(* A set of atoms $M$ is an answer set by complement of a basic program $P$ if and only if $M$ is a strongly well-supported model of $\mathcal{C}(P)$.
   Context: Fix a countable set $\mathcal{A}$ of atoms. A c-atom is $A=(A_d,A_c)$, $A_d\subseteq\mathcal{A}$, $A_c\subseteq 2^{A_d}$; $(\{p\},\{\{p\}\})$ is elementary; $\bot=(\mathcal{A},\emptyset)$. Rule: $A\leftarrow A_1,\dots,A_k,\mathit{not}\,A_{k+1},\dots,\mathit{not}\,A_n$, $head(r)=A$, $pos(r)=\{A_1,..,A_k\}$, $neg(r)=\{A_{k+1},..,A_n\}$. Program = set of rules; positive if no naf-literals; basic if every head is elementary or $\bot$. $S\models A$ iff $S\cap A_d\in A_c$; $S\models\mathit{not}\,A$ iff $S\cap A_d\notin A_c$; model = satisfies all rules (a rule holds if its head holds or its body fails). Conditional satisfaction: $S\models_M A$ iff $S\models A$ and every $I$ with $S\cap A_d\subseteq I\subseteq M\cap A_d$ lies in $A_c$. For positive basic $P$: $T_P(S,M)=\{a\mid \exists r\in P,\ head(r)=(\{a\},\{\{a\}\}),\ S\models_M B\ \forall B\in pos(r)\}$, $T^0_P(\emptyset,M)=\emptyset$, $T^{i+1}_P(\emptyset,M)=T_P(T^i_P(\emptyset,M),M)$, $T^\infty_P(\emptyset,M)=\bigcup_i T^i_P(\emptyset,M)$; a model $M$ is an answer set iff $M=T^\infty_P(\emptyset,M)$. Complement $\bar A=(A_d,2^{A_d}\setminus A_c)$; $\mathcal{C}(P)$ replaces each $\mathit{not}\,A$ by $\bar A$; answer set by complement of $P$ = answer set of $\mathcal{C}(P)$. Level mappings: for $\ell:M\to\{1,2,\dots\}$, $H(X)=\max\{\ell(a)\mid a\in X\}$ ($\max\emptyset=0$), $L(A,M)=\min\{H(X)\mid X\in A_c,\ X\subseteq M,\ X\models_M A\}$, undefined if the set is empty. A model $M$ of basic $P$ is strongly well-supported iff there is such an $\ell$ such that for each $b\in M$ some $r\in P$ has $head(r)=(\{b\},\{\{b\}\})$, $M\models body(r)$, for every $A\in pos(r)$ $L(A,M)$ is defined and $\ell(b)>L(A,M)$, and for every $A\in neg(r)$ $L(\bar A,M)$ is defined and $\ell(b)>L(\bar A,M)$. *)

theory Defs
  imports Main "HOL-Library.Countable" "HOL-Library.Extended_Nat"
begin

text \<open>Atoms are the elements of a countable type 'a; the atom set is UNIV.
A c-atom is a pair (domain, admissible solutions).\<close>

type_synonym 'a catom = "'a set \<times> 'a set set"

definition wf_catom :: "'a catom \<Rightarrow> bool" where
  "wf_catom A \<longleftrightarrow> snd A \<subseteq> Pow (fst A)"

definition elem :: "'a \<Rightarrow> 'a catom" where
  "elem p = ({p}, {{p}})"

definition bottom :: "'a catom" where
  "bottom = (UNIV, {})"

datatype 'a rule = Rule (head: "'a catom") (pos: "'a catom list") (neg: "'a catom list")

type_synonym 'a program = "'a rule set"

definition wf_prog :: "'a program \<Rightarrow> bool" where
  "wf_prog P \<longleftrightarrow> (\<forall>r\<in>P. wf_catom (head r) \<and> (\<forall>A\<in>set (pos r). wf_catom A)
                          \<and> (\<forall>A\<in>set (neg r). wf_catom A))"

------------------------------------------------------------

> _What you are asked to do_
Would you please copy every line of the data exactly?

> _Answer to the problem_
(* A set of atoms $M$ is an answer set by complement of a basic program $P$ if and only if $M$ is a strongly well-supported model of $\mathcal{C}(P)$.
   Context: Fix a countable set $\mathcal{A}$ of atoms. A c-atom is $A=(A_d,A_c)$, $A_d\subseteq\mathcal{A}$, $A_c\subseteq 2^{A_d}$; $(\{p\},\{\{p\}\})$ is elementary; $\bot=(\mathcal{A},\emptyset)$. Rule: $A\leftarrow A_1,\dots,A_k,\mathit{not}\,A_{k+1},\dots,\mathit{not}\,A_n$, $head(r)=A$, $pos(r)=\{A_1,..,A_k\}$, $neg(r)=\{A_{k+1},..,A_n\}$. Program = set of rules; positive if no naf-literals; basic if every head is elementary or $\bot$. $S\models A$ iff $S\cap A_d\in A_c$; $S\models\mathit{not}\,A$ iff $S\cap A_d\notin A_c$; model = satisfies all rules (a rule holds if its head holds or its body fails). Conditional satisfaction: $S\models_M A$ iff $S\models A$ and every $I$ with $S\cap A_d\subseteq I\subseteq M\cap A_d$ lies in $A_c$. For positive basic $P$: $T_P(S,M)=\{a\mid \exists r\in P,\ head(r)=(\{a\},\{\{a\}\}),\ S\models_M B\ \forall B\in pos(r)\}$, $T^0_P(\emptyset,M)=\emptyset$, $T^{i+1}_P(\emptyset,M)=T_P(T^i_P(\emptyset,M),M)$, $T^\infty_P(\emptyset,M)=\bigcup_i T^i_P(\emptyset,M)$; a model $M$ is an answer set iff $M=T^\infty_P(\emptyset,M)$. Complement $\bar A=(A_d,2^{A_d}\setminus A_c)$; $\mathcal{C}(P)$ replaces each $\mathit{not}\,A$ by $\bar A$; answer set by complement of $P$ = answer set of $\mathcal{C}(P)$. Level mappings: for $\ell:M\to\{1,2,\dots\}$, $H(X)=\max\{\ell(a)\mid a\in X\}$ ($\max\emptyset=0$), $L(A,M)=\min\{H(X)\mid X\in A_c,\ X\subseteq M,\ X\models_M A\}$, undefined if the set is empty. A model $M$ of basic $P$ is strongly well-supported iff there is such an $\ell$ such that for each $b\in M$ some $r\in P$ has $head(r)=(\{b\},\{\{b\}\})$, $M\models body(r)$, for every $A\in pos(r)$ $L(A,M)$ is defined and $\ell(b)>L(A,M)$, and for every $A\in neg(r)$ $L(\bar A,M)$ is defined and $\ell(b)>L(\bar A,M)$. *)

theory Defs
  imports Main "HOL-Library.Countable" "HOL-Library.Extended_Nat"
begin

text \<open>Atoms are the elements of a countable type 'a; the atom set is UNIV.
A c-atom is a pair (domain, admissible solutions).\<close>

type_synonym 'a catom = "'a set \<times> 'a set set"

definition wf_catom :: "'a catom \<Rightarrow> bool" where
  "wf_catom A \<longleftrightarrow> snd A \<subseteq> Pow (fst A)"

definition elem :: "'a \<Rightarrow> 'a catom" where
  "elem p = ({p}, {{p}})"

definition bottom :: "'a catom" where
  "bottom = (UNIV, {})"

datatype 'a rule = Rule (head: "'a catom") (pos: "'a catom list") (neg: "'a catom list")

type_synonym 'a program = "'a rule set"

definition wf_prog :: "'a program \<Rightarrow> bool" where
  "wf_prog P \<longleftrightarrow> (\<forall>r\<in>P. wf_catom (head r) \<and> (\<forall>A\<in>set (pos r). wf_catom A)
                          \<and> (\<forall>A\<in>set (neg r). wf_catom A))"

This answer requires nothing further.